Puppy farms are run by people who do not give a thought to the welfare of the dogs they handle.  They are literally farms where dogs are churned out to make money.  There is often more than one breed on sale from these places.  The conditions tend to be filthy and overcrowded and the breeding bitches have far more litters than is good for them.   

Young puppies may be brought in from other farms, long before they are weaned, and, if they survive the journey, are placed with bitches that already have large litters of their own leaving both mother and pups desperately under-nourished. 

The bitches or puppies are rarely wormed correctly, if at all, leaving the puppies at serious risk of dying from intestinal blockages after they have been sold.  Many litters contract disease such as parvovirus through lack of vaccination and hygiene.  The result is death.   More often than not, the puppies suffer congenital disease because of the breeders’ total lack of regard for health or genetics.

There is not one word that can possibly redeem this horrific practice.

How to avoid encouraging puppy farms.

a) Never buy from a pet shop
b) Never buy from the internet
c) Be suspicious if someone tells you they are selling for a friend
d) Be suspicious if there is no paperwork or health records
e) Check the cleanliness and hygiene of the area in which the animals are kept.
f) Be suspicious if multiple breeds are being sold from the same place.
g) Be suspicious if the ‘breeders’ do not insist the puppy is returned if things don’t work out.

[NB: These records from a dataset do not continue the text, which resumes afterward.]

lemma shift_cons_max: "shift_cons \<beta> e = (\<lambda>t. \<beta> (max t e))"
  by (auto simp: shift_cons_def fun_eq_iff max_def)

text \<open>After the first action at \<open>e\<close>, the game restarts with the path frozen on [0,e].\<close>
lemma shift_cons_resource_path:
  assumes \<beta>: "resource_path c \<beta>" and e: "0 \<le> e" "e \<le> 1"
  shows "resource_path (\<beta> e) (shift_cons \<beta> e)" "shift_cons \<beta> e 0 = \<beta> e"
    "\<forall>t\<in>{0..e}. shift_cons \<beta> e t = shift_cons \<beta> e 0" "\<And>t. e \<le> t \<Longrightarrow> shift_cons \<beta> e t = \<beta> t"
proof -
  note \<beta>D = resource_pathD[OF \<beta>]
  have "continuous_on {0..1} (shift_cons \<beta> e)" unfolding shift_cons_max
    by (rule continuous_on_compose2[OF \<beta>D(1)]) (auto intro!: continuous_intros simp: e)
  then show "resource_path (\<beta> e) (shift_cons \<beta> e)"
    unfolding resource_path_def shift_cons_max using \<beta>D(2,3) e by (auto simp: max_def)
qed (use e in \<open>auto simp: shift_cons_max max_def\<close>)

lemma actT_cong:
  assumes "\<And>t. s \<le> t \<Longrightarrow> \<beta>' t = \<beta> t"
  shows "actT T \<beta>' j s = actT T \<beta> j s"
  unfolding actT_def using assms by (metis (no_types, lifting) atLeastAtMost_iff)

Golden Rules for buying a dog:

a) Go to an Kennel Club assured breeder or an accredited breeder
b) Ask to see both parents of the puppy
c) You should be allowed to see all the puppies together and to handle them
d) The area where they are living should be clean.
e) If the puppies are advertised as Kennel Club registered, you must take receipt of the Kennel Club Registration Certificate (be aware of fakes!).  Be suspicious if you are asked for a large sum of money for paperwork – KC registration costs £15!
f) A good breeder will have started socialising the puppies, they will be used to being handled and accustomed to domestic noises.
g) Be aware of inherited conditions and check to see if the parents have had the proper health checks; i.e. hip scoring, blood testing, cardiac testing and eye testing
h) A good breeder will provide a puppy pack with written advice on training, feeding, worming, flea treatments and vaccination.
i) A good breeder will insist that the puppy is returned to them if the new home does not work out.
j) If you are at all unsure, take someone with experience with you!

Naturally we know that London Dog Forum readers are responsible owners but if you know someone who is thinking of getting a dog that is less experienced, please pass this advice on.